DATASET EXTRACT below:

lemma prob_Nmax_gt_le:
  fixes x :: real assumes x: "0 < x" "x < 1"
  shows "prob {\<omega> \<in> space M. real (near_bound k CARD('d) * j) < Nmax X n \<omega>}
           \<le> (1 / x) ^ n * ((6 / (1 - x)) ^ CARD('d)) ^ Suc j * p ^ Suc j"
proof -
  let ?codes = "edge_codes n (Suc j) :: ('d vertex list \<times> 'd vertex list) set"
  define \<S> where
    "\<S> = {S \<in> case_prod step_edges ` ?codes. S \<subseteq> nn_edges \<and> separated k S \<and> card S = Suc j}"
  have sub: "\<S> \<subseteq> case_prod step_edges ` ?codes" unfolding \<S>_def by blast
  have fin: "finite (case_prod step_edges ` ?codes)" by (rule finite_imageI[OF finite_edge_codes])
  then have "finite \<S>" using sub by (rule finite_subset[rotated])
  have card_\<S>: "card \<S> \<le> card ?codes"
    using card_mono[OF fin sub] card_image_le[OF finite_edge_codes] by (rule le_trans)
  have S: "finite S" "S \<subseteq> nn_edges" "separated k S" "card S = Suc j" if "S \<in> \<S>" for S
    using that card_ge_0_finite[of S] unfolding \<S>_def by auto
  then have events: "all_open S \<in> events" if "S \<in> \<S>" for S
    using that by (intro sets_all_open) auto
  have "{\<omega> \<in> space M. real (near_bound k CARD('d) * j) < Nmax X n \<omega>} \<subseteq> (\<Union>S\<in>\<S>. all_open S)"
  proof
    fix \<omega> assume \<omega>: "\<omega> \<in> {\<omega> \<in> space M. real (near_bound k CARD('d) * j) < Nmax X n \<omega>}"
    then obtain S where "S \<in> \<S>" "\<forall>e\<in>S. X e \<omega>"
      using Nmax_gt_imp_separated_open_edges[of k j X n \<omega>] unfolding \<S>_def by auto
    then show "\<omega> \<in> (\<Union>S\<in>\<S>. all_open S)" using \<omega> unfolding all_open_def by blast
  qed
  then have "prob {\<omega> \<in> space M. real (near_bound k CARD('d) * j) < Nmax X n \<omega>}
      \<le> prob (\<Union>S\<in>\<S>. all_open S)"
    using events \<open>finite \<S>\<close> by (intro finite_measure_mono sets.finite_UN) auto
  also have "\<dots> \<le> (\<Sum>S\<in>\<S>. prob (all_open S))"
    using events \<open>finite \<S>\<close> by (intro measure_UNION_le) auto
  also have "\<dots> = (\<Sum>S\<in>\<S>. p ^ Suc j)"
    using prob_all_open S by (intro sum.cong) auto
  also have "\<dots> \<le> real (card ?codes) * p ^ Suc j"
    using card_\<S> p_nonneg by (simp add: mult_right_mono)
  also have "\<dots> \<le> (1 / x) ^ n * ((6 / (1 - x)) ^ CARD('d)) ^ Suc j * p ^ Suc j"
    by (rule mult_right_mono[OF card_edge_codes_le[OF x]]) (simp add: p_nonneg)
  finally show ?thesis .
qed

lemma powr_card_power: "(p powr (1 / real CARD('d))) ^ CARD('d) = p"
  using powr_one_div_power[OF p_nonneg card_ge_1] .

lemma prob_Nmax_gt_le_exp:
  assumes \<eta>: "0 < \<eta>" "\<eta> \<le> 1"
  shows "prob {\<omega> \<in> space M. real (near_bound k CARD('d) * j) < Nmax X n \<omega>}
           \<le> exp (\<eta> * real n) * ((12 / \<eta>) ^ CARD('d) * p) ^ Suc j"
proof -
  define x where "x = 1 / (1 + \<eta>)"
  have x: "0 < x" "x < 1" using \<eta> by (auto simp: x_def)
  have "(1 / x) ^ n = (1 + \<eta>) ^ n" by (simp add: x_def)
  also have "\<dots> \<le> exp \<eta> ^ n" using \<eta> by (intro power_mono) (auto simp: add.commute)
  finally have growth: "(1 / x) ^ n \<le> exp (\<eta> * real n)"
    by (simp add: exp_of_nat_mult[symmetric] mult.commute)
  have "6 / (1 - x) = 6 * (1 + \<eta>) / \<eta>" using \<eta> by (simp add: x_def field_simps)
  also have "\<dots> \<le> 12 / \<eta>" using \<eta> by (intro divide_right_mono) auto
  finally have "((6 / (1 - x)) ^ CARD('d)) ^ Suc j * p ^ Suc j
      \<le> ((12 / \<eta>) ^ CARD('d)) ^ Suc j * p ^ Suc j"
    using x p_nonneg by (intro mult_right_mono power_mono) auto
  then have "((6 / (1 - x)) ^ CARD('d)) ^ Suc j * p ^ Suc j \<le> ((12 / \<eta>) ^ CARD('d) * p) ^ Suc j"
    by (simp only: power_mult_distrib)
  then have "(1 / x) ^ n * ((6 / (1 - x)) ^ CARD('d)) ^ Suc j * p ^ Suc j
      \<le> exp (\<eta> * real n) * ((12 / \<eta>) ^ CARD('d) * p) ^ Suc j"
    unfolding mult.assoc using growth x p_nonneg by (intro mult_mono) auto
  then show ?thesis using prob_Nmax_gt_le[OF x, of j n] by linarith
qed

lemma prob_Nmax_ge_le_exp:
  assumes "0 < \<eta>" "\<eta> \<le> 1" "0 < r"
  obtains j where "r / real (near_bound k CARD('d)) \<le> real (Suc j)"
    "prob {\<omega> \<in> space M. r \<le> Nmax X n \<omega>} \<le> exp (\<eta> * real n) * ((12 / \<eta>) ^ CARD('d) * p) ^ Suc j"
proof -
  have "0 < real (near_bound k CARD('d))" using near_bound_ge_1[of k "CARD('d)"] by linarith
  then obtain j where j: "real (near_bound k CARD('d)) * real j < r"
      "r / real (near_bound k CARD('d)) \<le> real (Suc j)"
    using exists_nat_bracket[OF \<open>0 < r\<close>] by blast
  have "prob {\<omega> \<in> space M. r \<le> Nmax X n \<omega>}
      \<le> prob {\<omega> \<in> space M. real (near_bound k CARD('d) * j) < Nmax X n \<omega>}"
    using j(1) by (intro finite_measure_mono sets_Nmax_gt) auto
  also have "\<dots> \<le> exp (\<eta> * real n) * ((12 / \<eta>) ^ CARD('d) * p) ^ Suc j"
    using assms by (intro prob_Nmax_gt_le_exp) auto
  finally show ?thesis using j(2) that by blast
qed

text \<open>The case \<open>\<eta> = lambda0 * p powr (1 / d)\<close>: \<open>lambda0\<close> is chosen so that the base
  \<open>(12 / \<eta>) ^ d * p\<close> becomes \<open>exp (- 2 * d)\<close>.\<close>

lemma prob_Nmax_ge_le_exp_large:
  assumes "0 < p" "lambda0 * p powr (1 / real CARD('d)) \<le> 1" "0 < r"
    and "real (near_bound k CARD('d)) * lambda0 * p powr (1 / real CARD('d)) * real n \<le> r"
  shows "prob {\<omega> \<in> space M. r \<le> Nmax X n \<omega>} \<le> exp (- r / real (near_bound k CARD('d)))"
proof -
  let ?\<eta> = "lambda0 * p powr (1 / real CARD('d))"
  have "0 < ?\<eta>" using assms(1) lambda0_ge_1 by simp
  then obtain j where j: "r / real (near_bound k CARD('d)) \<le> real (Suc j)"
    and P: "prob {\<omega> \<in> space M. r \<le> Nmax X n \<omega>}
              \<le> exp (?\<eta> * real n) * ((12 / ?\<eta>) ^ CARD('d) * p) ^ Suc j"
    using prob_Nmax_ge_le_exp assms(2,3) by blast
  have "(12 / ?\<eta>) ^ CARD('d) * p = (12 / ?\<eta>) ^ CARD('d) * (p powr (1 / real CARD('d))) ^ CARD('d)"
    by (simp only: powr_card_power)
  also have "\<dots> = (12 / ?\<eta> * p powr (1 / real CARD('d))) ^ CARD('d)"
    by (simp only: power_mult_distrib)
  also have "\<dots> = exp (- 2) ^ CARD('d)"
    using assms(1) by (simp add: lambda0_def exp_minus inverse_eq_divide)
  also have "\<dots> \<le> exp (- 2) ^ 1" using card_ge_1 by (intro power_decreasing) auto
  finally have "((12 / ?\<eta>) ^ CARD('d) * p) ^ Suc j \<le> exp (- 2) ^ Suc j"
    using p_nonneg lambda0_ge_1 by (intro power_mono) auto
  also have "\<dots> = exp (- 2 * real (Suc j))"
    by (simp add: exp_of_nat_mult[symmetric] mult.commute flip: exp_add)
  finally have "prob {\<omega> \<in> space M. r \<le> Nmax X n \<omega>} \<le> exp (?\<eta> * real n) * exp (- 2 * real (Suc j))"
    using order_trans[OF P mult_left_mono[OF _ exp_ge_zero]] by blast
  also have "\<dots> = exp (?\<eta> * real n - 2 * real (Suc j))" by (simp flip: exp_add)
  also have "\<dots> \<le> exp (- r / real (near_bound k CARD('d)))"
  proof -
    have "0 < real (near_bound k CARD('d))" using near_bound_ge_1[of k "CARD('d)"] by linarith
    then have "?\<eta> * real n \<le> r / real (near_bound k CARD('d))"
      using assms(4) by (simp add: field_simps)
    then show ?thesis using j by simp
  qed
  finally show ?thesis .
qed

End of DATASET EXTRACT.

_TASK DESCRIPTION_: Transcribe only what runs from the line with "j \<le> exp" to the last line above, keeping every line exactly as written.

_EXERCISE OUTPUT_:
  finally have "((12 / ?\<eta>) ^ CARD('d) * p) ^ Suc j \<le> exp (- 2) ^ Suc j"
    using p_nonneg lambda0_ge_1 by (intro power_mono) auto
  also have "\<dots> = exp (- 2 * real (Suc j))"
    by (simp add: exp_of_nat_mult[symmetric] mult.commute flip: exp_add)
  finally have "prob {\<omega> \<in> space M. r \<le> Nmax X n \<omega>} \<le> exp (?\<eta> * real n) * exp (- 2 * real (Suc j))"
    using order_trans[OF P mult_left_mono[OF _ exp_ge_zero]] by blast
  also have "\<dots> = exp (?\<eta> * real n - 2 * real (Suc j))" by (simp flip: exp_add)
  also have "\<dots> \<le> exp (- r / real (near_bound k CARD('d)))"
  proof -
    have "0 < real (near_bound k CARD('d))" using near_bound_ge_1[of k "CARD('d)"] by linarith
    then have "?\<eta> * real n \<le> r / real (near_bound k CARD('d))"
      using assms(4) by (simp add: field_simps)
    then show ?thesis using j by simp
  qed
  finally show ?thesis .
qed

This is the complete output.